Understanding the disorder and its importance
Movement and gait disorders encompass a wide range of neurological conditions characterised by abnormal involuntary movements or difficulties with voluntary movement and walking. These disorders can significantly impact a child’s daily functioning, independence and quality of life. They may occur in isolation or as part of a broader neurological syndrome. Understanding these disorders is crucial because early identification and appropriate management can often improve outcomes, minimise complications and support the child’s overall development. Moreover, some movement disorders can be indicators of underlying neurological conditions that require specific treatments.
Signs and symptoms
The signs and symptoms of movement and gait disorders vary depending on the specific condition. Tremors present as rhythmic, oscillating movements, often most noticeable in the hands or head. Chorea involves rapid, dance-like movements that flow from one body part to another in a random fashion. Athetosis is characterised by slow, writhing movements, typically of the hands and feet. Ballismus refers to large amplitude, flinging movements of the limbs. Other involuntary movements may include tics, myoclonus (sudden, brief muscle jerks) or dystonia (sustained muscle contractions leading to abnormal postures). Gait disorders can manifest as unsteadiness, dragging of feet, toe-walking or a wide-based gait. Some children may experience a combination of these movement abnormalities. Additionally, these disorders can be accompanied by other neurological symptoms such as muscle weakness, changes in muscle tone or difficulties with co-ordination and balance.

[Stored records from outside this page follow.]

lemma integrable_rescaled_cball:
  fixes u :: "'a::euclidean_space \<Rightarrow> real"
  assumes "continuous_on S u" "cball a r \<subseteq> S" "\<bar>s\<bar> \<le> r"
  shows "(\<lambda>y. u (a + s *\<^sub>R y)) integrable_on cball 0 1"
proof (rule integrable_continuous_cball, rule continuous_on_compose2[OF assms(1)])
  show "continuous_on (cball 0 1) (\<lambda>y. a + s *\<^sub>R y)" by (intro continuous_intros)
  show "(\<lambda>y. a + s *\<^sub>R y) ` cball 0 1 \<subseteq> S" using affine_mem_cball assms(2,3) by fastforce
qed

lemma integral_rescaled_difference_quotient_tendsto:
  fixes u :: "'a::euclidean_space \<Rightarrow> real"
  assumes S: "open S" and u: "Ck_on (Suc 0) S u" and sub: "cball a r \<subseteq> S" and \<rho>: "\<bar>\<rho>\<bar> \<le> r"
    and Y: "Y \<longlonglongrightarrow> 0" "\<And>n. Y n \<noteq> 0" "\<And>n. \<bar>\<rho> + Y n\<bar> \<le> r"
  shows "(\<lambda>n. integral (cball 0 1) (\<lambda>y. (u (a + (\<rho> + Y n) *\<^sub>R y) - u (a + \<rho> *\<^sub>R y)) / Y n))
    \<longlonglongrightarrow> integral (cball 0 1) (\<lambda>y. dirderiv u y (a + \<rho> *\<^sub>R y))"
proof -
  define q where "q n y = (u (a + (\<rho> + Y n) *\<^sub>R y) - u (a + \<rho> *\<^sub>R y)) / Y n" for n y
  note uint = integrable_rescaled_cball[OF Ck_on_imp_continuous_on[OF u] sub]
  have qint: "q n integrable_on cball 0 1" for n
    unfolding q_def using uint \<rho> Y(3) by (intro integrable_on_divide integrable_diff) auto
  obtain C where C: "C \<ge> 0" "\<And>x z. x \<in> cball a r \<Longrightarrow> z \<in> cball a r \<Longrightarrow> \<bar>u x - u z\<bar> \<le> C * norm (x - z)"
    using Ck_on_Suc_lipschitz_on_compact_convex[OF S u compact_cball convex_cball sub] by blast
  have qbound: "norm (q n y) \<le> C" if y: "y \<in> cball 0 1" for n y
  proof -
    have "a + (\<rho> + Y n) *\<^sub>R y \<in> cball a r" "a + \<rho> *\<^sub>R y \<in> cball a r"
      using affine_mem_cball[OF Y(3)] affine_mem_cball[OF \<rho>] y by auto
    from C(2)[OF this]
    have "\<bar>u (a + (\<rho> + Y n) *\<^sub>R y) - u (a + \<rho> *\<^sub>R y)\<bar> \<le> C * norm (Y n *\<^sub>R y)"
      by (simp add: algebra_simps)
    also have "\<dots> \<le> C * \<bar>Y n\<bar>"
      using y C(1) by (simp add: mult_left_mono mult_left_le)
    finally show ?thesis using Y(2)[of n] by (simp add: q_def abs_divide divide_le_eq)
  qed
  have qconv: "(\<lambda>n. q n y) \<longlonglongrightarrow> dirderiv u y (a + \<rho> *\<^sub>R y)" if y: "y \<in> cball 0 1" for y
  proof -
    have "a + \<rho> *\<^sub>R y \<in> S" using affine_mem_cball[OF \<rho>, of y a] y sub by auto
    then have "(u has_derivative (\<lambda>h. dirderiv u h (a + \<rho> *\<^sub>R y))) (at ((a + \<rho> *\<^sub>R y) + 0 *\<^sub>R y))"
      using Ck_on_Suc_has_derivative[OF u] by simp
    from has_real_derivative_along_line[OF this]
    have "(\<lambda>h. (u ((a + \<rho> *\<^sub>R y) + h *\<^sub>R y) - u (a + \<rho> *\<^sub>R y)) / h) \<midarrow>0\<rightarrow> dirderiv u y (a + \<rho> *\<^sub>R y)"
      unfolding DERIV_def by simp
    then have "(\<lambda>n. (u ((a + \<rho> *\<^sub>R y) + Y n *\<^sub>R y) - u (a + \<rho> *\<^sub>R y)) / Y n)
        \<longlonglongrightarrow> dirderiv u y (a + \<rho> *\<^sub>R y)"
      using Y(1,2) unfolding LIMSEQ_SEQ_conv[symmetric] by blast
    then show ?thesis by (simp add: q_def algebra_simps)
  qed
  show ?thesis
    using dominated_convergence(2)[OF qint integrable_on_const[OF lmeasurable_cball] qbound qconv]
    by (simp add: q_def)
qed
(* Let $M,K\in\mathbb{N}$ with $M,K>2$ and $|M-K|>2$. If $\{(M+1,0),(M,0),(0,K+1),(0,K)\}\subset\mathcal{Z}_0$, then $S_\infty=\mathbb{L}^2$.
   Context: $\mathbb{L}^2=\{w\in L^2([0,2\pi]^2_{\mathrm{per}};\mathbb{R}):\int w\,dx=0\}$. $\mathbb{Z}^2_+=\{(j_1,j_2)\in\mathbb{Z}^2:j_2>0\}\cup\{(j_1,0):j_1>0\}$, $\mathbb{Z}^2_-=-\mathbb{Z}^2_+$, $\mathbb{Z}^2_0=\mathbb{Z}^2_+\cup\mathbb{Z}^2_-$; $e_k(x)=\sin(k\cdot x)$ for $k\in\mathbb{Z}^2_+$, $e_k(x)=\cos(k\cdot x)$ for $k\in\mathbb{Z}^2_-$. Given a finite set $\mathcal{Z}_*\subset\mathbb{Z}^2_0$, define $\mathcal{Z}_0=\mathcal{Z}_*\cap(-\mathcal{Z}_* )$, for $n\ge1$ $\mathcal{Z}_n=\{\ell+j\in\mathbb{Z}^2_0: j\in\mathcal{Z}_0,\ \ell\in\mathcal{Z}_{n-1},\ \ell^\perp\cdot j\neq0,\ |j|\neq|\ell|\}$ where $\ell^\perp=(-\ell_2,\ell_1)$ and $|\cdot|$ is the Euclidean norm, $\mathcal{Z}_\infty=\bigcup_{n\ge1}\mathcal{Z}_n$, and $S_\infty$ the closed linear span in $\mathbb{L}^2$ of $\{e_k:k\in\mathcal{Z}_\infty\cup\mathcal{Z}_*\}$. *)

theory Defs
  imports "HOL-Analysis.Analysis"
begin

text \<open>Lattice points are pairs of integers; points of the torus are pairs of reals
  in the fundamental domain [0,2pi]^2.\<close>

definition Zplus :: "(int \<times> int) set" where
  "Zplus = {(j1, j2). j2 > 0} \<union> {(j1, j2). j2 = 0 \<and> j1 > 0}"

definition Zminus :: "(int \<times> int) set" where
  "Zminus = uminus ` Zplus"

definition Zzero :: "(int \<times> int) set" where
  "Zzero = Zplus \<union> Zminus"

definition kdot :: "int \<times> int \<Rightarrow> real \<times> real \<Rightarrow> real" where
  "kdot k x = real_of_int (fst k) * fst x + real_of_int (snd k) * snd x"

definition ebasis :: "int \<times> int \<Rightarrow> real \<times> real \<Rightarrow> real" where
  "ebasis k x = (if k \<in> Zplus then sin (kdot k x) else cos (kdot k x))"

text \<open>perp l . j where perp l = (-l2, l1)\<close>
definition perpdot :: "int \<times> int \<Rightarrow> int \<times> int \<Rightarrow> int" where
  "perpdot l j = - snd l * fst j + fst l * snd j"

text \<open>squared Euclidean norm (|j| \<noteq> |l| iff squared norms differ)\<close>
definition nsq :: "int \<times> int \<Rightarrow> int" where
  "nsq j = fst j ^ 2 + snd j ^ 2"

fun Zset :: "(int \<times> int) set \<Rightarrow> nat \<Rightarrow> (int \<times> int) set" where
  "Zset Zs 0 = Zs \<inter> uminus ` Zs"
| "Zset Zs (Suc n) = {l + j | l j. j \<in> Zset Zs 0 \<and> l \<in> Zset Zs n \<and>
      perpdot l j \<noteq> 0 \<and> nsq j \<noteq> nsq l \<and> l + j \<in> Zzero}"

definition Zinf :: "(int \<times> int) set \<Rightarrow> (int \<times> int) set" where
  "Zinf Zs = (\<Union>n\<in>{1..}. Zset Zs n)"

definition Tbox :: "(real \<times> real) set" where
  "Tbox = {0..2*pi} \<times> {0..2*pi}"

text \<open>The space L^2 (mean zero, real valued) on the torus, as a set of representatives.\<close>
definition L2 :: "(real \<times> real \<Rightarrow> real) \<Rightarrow> bool" where
  "L2 f \<longleftrightarrow> f \<in> borel_measurable (lebesgue_on Tbox)
      \<and> integrable (lebesgue_on Tbox) (\<lambda>x. (f x)^2)
      \<and> integral\<^sup>L (lebesgue_on Tbox) f = 0"

definition closed_span :: "(int \<times> int) set \<Rightarrow> (real \<times> real \<Rightarrow> real) \<Rightarrow> bool" where
  "closed_span A f \<longleftrightarrow> L2 f \<and> (\<forall>\<epsilon>>0. \<exists>F c. finite F \<and> F \<subseteq> A \<and>
      integral\<^sup>L (lebesgue_on Tbox) (\<lambda>x. (f x - (\<Sum>k\<in>F. c k * ebasis k x))^2) < \<epsilon>)"

definition S_inf :: "(int \<times> int) set \<Rightarrow> (real \<times> real \<Rightarrow> real) set" where
  "S_inf Zs = {f. closed_span (Zinf Zs \<union> Zs) f}"

end

theory Submission
  imports Defs
begin

text \<open>
  Combinatorics: from a point \<open>(x, y)\<close> with \<open>y \<noteq> 0\<close> one may add \<open>\<plusminus>(M, 0)\<close> or \<open>\<plusminus>(M + 1, 0)\<close>
  except when \<open>|(x, y)|\<close> equals \<open>M\<close>, resp. \<open>M + 1\<close>, so at most one of the two step lengths
  is ever blocked. Since \<open>(M + 1) - M = 1\<close>, walking along a row reaches every point of it, and
  likewise along columns with \<open>K, K + 1\<close>. Starting from \<open>(M, K) \<in> Z\<^sub>1\<close> this gives
  \<open>Z\<^sub>\<infinity> = \<int>\<^sup>2 - {0}\<close>.

  Analysis: it remains to show that the \<open>e\<^sub>k\<close>, \<open>k \<noteq> 0\<close>, span a dense subspace of the mean-zero
  part of \<open>L\<^sup>2\<close> of the square. Truncate \<open>f\<close>, approximate the truncation in \<open>L\<^sup>2\<close> by a continuous
  function vanishing on the boundary of the square, view that as a continuous function on the
  torus and apply Stone-Weierstrass to get a trigonometric polynomial \<open>c\<^sub>0 + h\<close>. Since both
  \<open>f\<close> and \<open>h\<close> have mean zero, dropping the constant \<open>c\<^sub>0\<close> does not increase the error.
\<close>

section \<open>Reaching every lattice point\<close>

lemma Zzero_iff: "p \<in> Zzero \<longleftrightarrow> p \<noteq> 0"
proof -
  have "q \<in> uminus ` A \<longleftrightarrow> - q \<in> A" for q :: "int \<times> int" and A
    by (metis image_iff minus_minus)
  then show ?thesis
    by (cases p) (auto simp: Zzero_def Zminus_def Zplus_def zero_prod_def)
qed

When to seek neurological assessment
Neurological assessment should be sought when parents or caregivers notice persistent or progressive abnormal movements in their child. This includes the onset of tremors, unusual jerking movements or any involuntary movements that interfere with daily activities. Changes in gait pattern, frequent falls or difficulty with tasks requiring fine motor skills should also prompt evaluation. It’s particularly important to seek assessment if these movement abnormalities are accompanied by other neurological symptoms, developmental delays, or regression of previously acquired skills. Any sudden onset of severe movement disorder, such as acute ballismus, requires immediate medical attention as it may indicate a serious underlying condition like stroke.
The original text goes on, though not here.